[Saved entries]
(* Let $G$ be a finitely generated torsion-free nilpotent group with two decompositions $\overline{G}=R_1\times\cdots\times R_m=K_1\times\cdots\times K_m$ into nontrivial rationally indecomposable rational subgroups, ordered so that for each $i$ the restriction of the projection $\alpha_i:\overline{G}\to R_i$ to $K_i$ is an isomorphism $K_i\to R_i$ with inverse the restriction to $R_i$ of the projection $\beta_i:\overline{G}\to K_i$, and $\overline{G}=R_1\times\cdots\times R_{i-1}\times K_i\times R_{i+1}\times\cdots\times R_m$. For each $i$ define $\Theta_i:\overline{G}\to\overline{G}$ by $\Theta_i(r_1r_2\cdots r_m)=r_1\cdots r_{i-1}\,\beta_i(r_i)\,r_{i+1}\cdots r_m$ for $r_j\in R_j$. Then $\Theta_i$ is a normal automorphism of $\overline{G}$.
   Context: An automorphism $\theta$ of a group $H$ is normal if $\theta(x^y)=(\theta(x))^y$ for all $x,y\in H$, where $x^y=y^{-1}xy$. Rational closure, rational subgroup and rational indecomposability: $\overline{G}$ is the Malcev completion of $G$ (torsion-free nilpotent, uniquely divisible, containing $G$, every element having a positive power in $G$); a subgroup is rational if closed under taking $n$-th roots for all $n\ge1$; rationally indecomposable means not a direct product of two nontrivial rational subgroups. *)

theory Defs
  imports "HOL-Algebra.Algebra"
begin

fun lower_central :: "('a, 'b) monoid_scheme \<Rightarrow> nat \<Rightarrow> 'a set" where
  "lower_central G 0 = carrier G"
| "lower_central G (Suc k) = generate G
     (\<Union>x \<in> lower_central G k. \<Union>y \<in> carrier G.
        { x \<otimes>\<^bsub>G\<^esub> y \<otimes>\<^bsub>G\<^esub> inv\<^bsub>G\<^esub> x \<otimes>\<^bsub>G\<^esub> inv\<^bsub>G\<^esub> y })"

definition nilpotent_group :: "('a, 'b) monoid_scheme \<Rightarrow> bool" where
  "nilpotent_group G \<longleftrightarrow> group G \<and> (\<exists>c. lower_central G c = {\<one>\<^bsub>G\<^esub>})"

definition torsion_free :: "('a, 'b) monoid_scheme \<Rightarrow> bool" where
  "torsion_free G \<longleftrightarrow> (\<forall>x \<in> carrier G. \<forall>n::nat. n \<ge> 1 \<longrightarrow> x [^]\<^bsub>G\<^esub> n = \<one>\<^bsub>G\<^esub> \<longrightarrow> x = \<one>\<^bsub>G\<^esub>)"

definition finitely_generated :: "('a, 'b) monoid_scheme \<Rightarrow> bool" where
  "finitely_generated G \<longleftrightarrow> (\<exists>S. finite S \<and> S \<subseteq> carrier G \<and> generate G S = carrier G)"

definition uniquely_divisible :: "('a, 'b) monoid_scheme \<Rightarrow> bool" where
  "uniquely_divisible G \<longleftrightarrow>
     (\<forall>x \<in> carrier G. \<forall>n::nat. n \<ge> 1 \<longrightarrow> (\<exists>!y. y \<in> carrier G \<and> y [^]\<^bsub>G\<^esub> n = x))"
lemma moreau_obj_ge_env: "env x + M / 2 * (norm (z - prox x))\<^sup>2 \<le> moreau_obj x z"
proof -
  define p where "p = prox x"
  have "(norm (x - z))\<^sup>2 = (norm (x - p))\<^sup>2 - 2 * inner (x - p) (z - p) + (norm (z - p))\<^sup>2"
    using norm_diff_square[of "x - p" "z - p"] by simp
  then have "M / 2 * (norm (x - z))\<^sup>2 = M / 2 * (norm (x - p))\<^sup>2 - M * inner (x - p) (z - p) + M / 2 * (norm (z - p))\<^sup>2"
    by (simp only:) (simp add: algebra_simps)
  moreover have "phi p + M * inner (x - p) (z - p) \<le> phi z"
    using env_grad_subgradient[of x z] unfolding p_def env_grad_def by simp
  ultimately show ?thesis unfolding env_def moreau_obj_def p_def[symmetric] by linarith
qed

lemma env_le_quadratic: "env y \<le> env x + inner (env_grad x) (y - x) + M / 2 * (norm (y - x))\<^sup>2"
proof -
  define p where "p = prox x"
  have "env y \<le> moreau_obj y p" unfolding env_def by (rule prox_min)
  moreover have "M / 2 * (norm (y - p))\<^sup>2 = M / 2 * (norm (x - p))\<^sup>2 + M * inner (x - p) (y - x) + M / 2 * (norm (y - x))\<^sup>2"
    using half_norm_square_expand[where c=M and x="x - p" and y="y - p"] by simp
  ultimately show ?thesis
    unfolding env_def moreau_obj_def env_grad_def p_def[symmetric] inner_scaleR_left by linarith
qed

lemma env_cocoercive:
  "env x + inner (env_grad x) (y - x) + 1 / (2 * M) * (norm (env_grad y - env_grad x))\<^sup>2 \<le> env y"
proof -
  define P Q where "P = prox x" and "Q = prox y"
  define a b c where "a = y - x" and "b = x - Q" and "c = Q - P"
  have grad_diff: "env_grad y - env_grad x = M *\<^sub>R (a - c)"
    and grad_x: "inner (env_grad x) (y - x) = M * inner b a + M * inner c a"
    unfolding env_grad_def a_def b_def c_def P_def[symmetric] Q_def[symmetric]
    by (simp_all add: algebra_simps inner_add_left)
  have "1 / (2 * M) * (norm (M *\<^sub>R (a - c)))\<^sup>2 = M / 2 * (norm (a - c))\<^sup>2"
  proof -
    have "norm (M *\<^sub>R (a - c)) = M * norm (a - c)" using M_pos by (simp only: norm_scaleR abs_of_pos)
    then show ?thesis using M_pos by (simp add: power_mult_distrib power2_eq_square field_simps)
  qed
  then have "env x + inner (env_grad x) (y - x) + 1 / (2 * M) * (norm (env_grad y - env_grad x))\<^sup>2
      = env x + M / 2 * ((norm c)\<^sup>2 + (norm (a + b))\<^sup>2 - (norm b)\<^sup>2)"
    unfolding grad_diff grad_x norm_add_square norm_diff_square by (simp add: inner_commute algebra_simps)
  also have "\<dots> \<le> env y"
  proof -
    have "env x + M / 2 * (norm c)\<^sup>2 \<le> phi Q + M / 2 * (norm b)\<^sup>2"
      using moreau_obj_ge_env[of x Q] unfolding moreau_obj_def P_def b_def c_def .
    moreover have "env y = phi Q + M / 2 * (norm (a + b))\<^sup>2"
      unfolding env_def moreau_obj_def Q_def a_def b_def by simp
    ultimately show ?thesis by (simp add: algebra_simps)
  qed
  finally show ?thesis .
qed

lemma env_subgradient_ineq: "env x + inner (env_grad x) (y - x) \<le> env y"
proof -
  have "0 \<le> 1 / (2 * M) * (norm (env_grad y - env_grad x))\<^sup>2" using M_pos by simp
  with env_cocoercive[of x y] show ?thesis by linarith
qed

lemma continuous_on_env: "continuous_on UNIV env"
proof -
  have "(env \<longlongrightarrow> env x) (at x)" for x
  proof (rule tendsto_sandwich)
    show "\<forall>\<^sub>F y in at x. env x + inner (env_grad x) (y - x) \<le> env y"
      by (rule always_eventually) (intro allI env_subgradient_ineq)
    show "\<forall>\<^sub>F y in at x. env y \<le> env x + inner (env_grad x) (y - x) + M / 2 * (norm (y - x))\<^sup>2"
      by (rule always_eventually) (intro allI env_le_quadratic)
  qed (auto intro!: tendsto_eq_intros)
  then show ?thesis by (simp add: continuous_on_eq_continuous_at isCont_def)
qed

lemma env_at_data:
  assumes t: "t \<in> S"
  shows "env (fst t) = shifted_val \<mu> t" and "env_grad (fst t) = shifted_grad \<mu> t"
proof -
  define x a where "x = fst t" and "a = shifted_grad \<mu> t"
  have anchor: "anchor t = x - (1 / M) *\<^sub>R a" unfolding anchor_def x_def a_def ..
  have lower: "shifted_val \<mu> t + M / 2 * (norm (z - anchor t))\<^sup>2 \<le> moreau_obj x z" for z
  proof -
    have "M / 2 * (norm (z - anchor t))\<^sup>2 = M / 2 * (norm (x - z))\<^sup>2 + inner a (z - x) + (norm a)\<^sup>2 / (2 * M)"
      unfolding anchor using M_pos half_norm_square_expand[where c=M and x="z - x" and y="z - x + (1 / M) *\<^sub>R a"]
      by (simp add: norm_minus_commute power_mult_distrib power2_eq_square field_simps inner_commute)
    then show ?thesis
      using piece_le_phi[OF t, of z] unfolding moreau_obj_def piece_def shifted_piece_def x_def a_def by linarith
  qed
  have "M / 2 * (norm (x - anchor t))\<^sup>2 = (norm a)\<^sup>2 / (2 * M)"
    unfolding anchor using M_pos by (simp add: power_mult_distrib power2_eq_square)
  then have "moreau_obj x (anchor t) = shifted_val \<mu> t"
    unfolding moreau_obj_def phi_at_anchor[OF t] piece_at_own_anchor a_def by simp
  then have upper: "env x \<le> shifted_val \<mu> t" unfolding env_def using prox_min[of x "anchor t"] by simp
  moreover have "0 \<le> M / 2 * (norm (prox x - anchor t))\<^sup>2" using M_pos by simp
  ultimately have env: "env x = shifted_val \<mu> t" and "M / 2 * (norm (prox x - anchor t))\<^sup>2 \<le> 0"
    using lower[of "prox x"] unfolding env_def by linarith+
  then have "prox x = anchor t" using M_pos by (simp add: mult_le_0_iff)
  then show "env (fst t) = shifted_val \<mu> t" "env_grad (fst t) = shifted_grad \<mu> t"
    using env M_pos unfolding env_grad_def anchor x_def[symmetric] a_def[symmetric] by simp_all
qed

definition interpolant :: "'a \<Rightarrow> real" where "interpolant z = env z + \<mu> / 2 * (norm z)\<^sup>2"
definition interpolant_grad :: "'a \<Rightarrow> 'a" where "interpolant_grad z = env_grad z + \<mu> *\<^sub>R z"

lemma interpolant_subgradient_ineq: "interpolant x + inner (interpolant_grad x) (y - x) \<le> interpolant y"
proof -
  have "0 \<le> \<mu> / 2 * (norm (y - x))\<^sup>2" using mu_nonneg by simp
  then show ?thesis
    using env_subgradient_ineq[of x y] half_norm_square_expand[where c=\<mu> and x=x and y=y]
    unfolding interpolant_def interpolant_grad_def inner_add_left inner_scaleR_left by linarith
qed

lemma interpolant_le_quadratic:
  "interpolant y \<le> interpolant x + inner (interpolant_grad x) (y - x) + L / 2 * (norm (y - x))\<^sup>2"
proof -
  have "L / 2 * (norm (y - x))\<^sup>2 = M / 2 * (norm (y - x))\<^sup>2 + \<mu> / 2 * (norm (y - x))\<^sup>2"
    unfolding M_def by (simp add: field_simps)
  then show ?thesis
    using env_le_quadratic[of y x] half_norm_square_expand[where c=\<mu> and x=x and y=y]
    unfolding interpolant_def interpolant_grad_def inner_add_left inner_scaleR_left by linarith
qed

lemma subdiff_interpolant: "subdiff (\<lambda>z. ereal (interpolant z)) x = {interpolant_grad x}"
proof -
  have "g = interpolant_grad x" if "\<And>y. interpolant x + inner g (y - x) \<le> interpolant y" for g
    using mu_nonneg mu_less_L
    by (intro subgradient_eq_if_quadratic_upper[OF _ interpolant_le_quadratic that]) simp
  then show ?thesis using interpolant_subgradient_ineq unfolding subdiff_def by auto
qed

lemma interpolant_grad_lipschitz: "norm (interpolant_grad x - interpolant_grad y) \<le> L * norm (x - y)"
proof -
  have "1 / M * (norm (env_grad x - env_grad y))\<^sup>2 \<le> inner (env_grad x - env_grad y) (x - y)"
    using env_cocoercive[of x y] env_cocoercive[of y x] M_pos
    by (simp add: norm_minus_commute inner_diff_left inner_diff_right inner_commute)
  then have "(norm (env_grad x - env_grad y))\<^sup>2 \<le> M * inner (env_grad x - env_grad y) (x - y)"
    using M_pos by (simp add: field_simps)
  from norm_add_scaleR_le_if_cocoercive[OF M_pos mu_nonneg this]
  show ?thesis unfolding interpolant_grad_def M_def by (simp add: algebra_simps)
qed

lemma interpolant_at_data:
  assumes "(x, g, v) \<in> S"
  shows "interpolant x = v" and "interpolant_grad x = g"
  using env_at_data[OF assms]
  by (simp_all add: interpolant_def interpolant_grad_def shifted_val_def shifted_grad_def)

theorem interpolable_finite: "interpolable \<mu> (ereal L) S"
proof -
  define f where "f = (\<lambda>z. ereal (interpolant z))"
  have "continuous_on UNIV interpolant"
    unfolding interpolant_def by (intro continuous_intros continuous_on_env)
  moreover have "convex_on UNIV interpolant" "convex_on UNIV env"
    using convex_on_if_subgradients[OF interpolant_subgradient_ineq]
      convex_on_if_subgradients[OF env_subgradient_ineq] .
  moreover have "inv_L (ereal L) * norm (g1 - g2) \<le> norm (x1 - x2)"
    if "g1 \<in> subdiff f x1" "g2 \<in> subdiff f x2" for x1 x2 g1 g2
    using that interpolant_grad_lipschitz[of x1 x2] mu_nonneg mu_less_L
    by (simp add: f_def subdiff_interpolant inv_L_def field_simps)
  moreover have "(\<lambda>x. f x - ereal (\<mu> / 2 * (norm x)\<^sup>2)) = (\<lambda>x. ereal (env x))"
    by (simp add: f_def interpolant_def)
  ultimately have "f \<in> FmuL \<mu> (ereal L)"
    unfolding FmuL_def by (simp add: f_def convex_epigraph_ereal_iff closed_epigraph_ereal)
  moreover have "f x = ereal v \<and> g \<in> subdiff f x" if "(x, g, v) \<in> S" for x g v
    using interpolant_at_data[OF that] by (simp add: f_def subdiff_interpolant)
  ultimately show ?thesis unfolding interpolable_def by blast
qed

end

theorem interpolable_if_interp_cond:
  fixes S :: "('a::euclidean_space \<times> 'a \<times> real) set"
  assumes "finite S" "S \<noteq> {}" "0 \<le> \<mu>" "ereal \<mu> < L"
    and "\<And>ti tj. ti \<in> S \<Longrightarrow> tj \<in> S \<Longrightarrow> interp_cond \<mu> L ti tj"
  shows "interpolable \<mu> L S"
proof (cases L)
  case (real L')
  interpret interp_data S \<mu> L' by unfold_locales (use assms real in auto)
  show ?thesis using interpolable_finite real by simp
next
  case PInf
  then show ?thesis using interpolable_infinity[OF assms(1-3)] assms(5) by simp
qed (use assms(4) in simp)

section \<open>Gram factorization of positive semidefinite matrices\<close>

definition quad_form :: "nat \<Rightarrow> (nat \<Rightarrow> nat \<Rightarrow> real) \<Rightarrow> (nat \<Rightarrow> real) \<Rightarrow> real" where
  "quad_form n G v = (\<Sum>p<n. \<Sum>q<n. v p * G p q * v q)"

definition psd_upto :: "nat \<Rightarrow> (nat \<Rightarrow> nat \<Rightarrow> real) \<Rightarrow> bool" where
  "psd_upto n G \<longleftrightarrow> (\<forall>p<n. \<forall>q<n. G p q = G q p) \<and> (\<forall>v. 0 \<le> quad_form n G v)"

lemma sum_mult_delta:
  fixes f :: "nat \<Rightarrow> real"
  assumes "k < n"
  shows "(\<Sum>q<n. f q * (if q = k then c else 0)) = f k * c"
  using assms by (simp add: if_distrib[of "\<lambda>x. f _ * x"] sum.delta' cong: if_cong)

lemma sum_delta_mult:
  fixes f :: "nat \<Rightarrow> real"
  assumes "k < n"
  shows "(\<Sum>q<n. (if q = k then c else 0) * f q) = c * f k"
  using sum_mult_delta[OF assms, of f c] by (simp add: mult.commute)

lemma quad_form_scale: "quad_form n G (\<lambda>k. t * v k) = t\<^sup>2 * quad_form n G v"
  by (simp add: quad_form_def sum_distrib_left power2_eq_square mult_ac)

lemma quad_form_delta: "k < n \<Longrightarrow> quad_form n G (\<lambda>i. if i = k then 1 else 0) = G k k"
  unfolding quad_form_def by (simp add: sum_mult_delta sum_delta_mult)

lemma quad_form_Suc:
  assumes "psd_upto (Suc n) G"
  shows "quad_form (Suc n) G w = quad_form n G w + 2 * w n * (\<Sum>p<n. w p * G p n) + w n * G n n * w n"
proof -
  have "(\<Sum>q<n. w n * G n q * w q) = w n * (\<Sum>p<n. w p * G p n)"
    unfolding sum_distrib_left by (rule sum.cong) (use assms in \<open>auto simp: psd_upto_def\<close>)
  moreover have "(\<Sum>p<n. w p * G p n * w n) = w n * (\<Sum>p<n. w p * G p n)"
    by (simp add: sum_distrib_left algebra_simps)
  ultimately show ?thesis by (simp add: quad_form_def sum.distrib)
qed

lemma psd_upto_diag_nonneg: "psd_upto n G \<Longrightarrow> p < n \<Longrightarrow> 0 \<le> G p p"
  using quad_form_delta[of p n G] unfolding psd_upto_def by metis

__WHAT TO WORK ON__. All lines above from the one holding "unfolding M_def by" to the one holding "y))\<^sup>2 \<le> inner", inclusive, are to be copied exactly; no other line is wanted.

__TASK RESULT__.
    unfolding M_def by (simp add: field_simps)
  then show ?thesis
    using env_le_quadratic[of y x] half_norm_square_expand[where c=\<mu> and x=x and y=y]
    unfolding interpolant_def interpolant_grad_def inner_add_left inner_scaleR_left by linarith
qed

lemma subdiff_interpolant: "subdiff (\<lambda>z. ereal (interpolant z)) x = {interpolant_grad x}"
proof -
  have "g = interpolant_grad x" if "\<And>y. interpolant x + inner g (y - x) \<le> interpolant y" for g
    using mu_nonneg mu_less_L
    by (intro subgradient_eq_if_quadratic_upper[OF _ interpolant_le_quadratic that]) simp
  then show ?thesis using interpolant_subgradient_ineq unfolding subdiff_def by auto
qed

lemma interpolant_grad_lipschitz: "norm (interpolant_grad x - interpolant_grad y) \<le> L * norm (x - y)"
proof -
  have "1 / M * (norm (env_grad x - env_grad y))\<^sup>2 \<le> inner (env_grad x - env_grad y) (x - y)"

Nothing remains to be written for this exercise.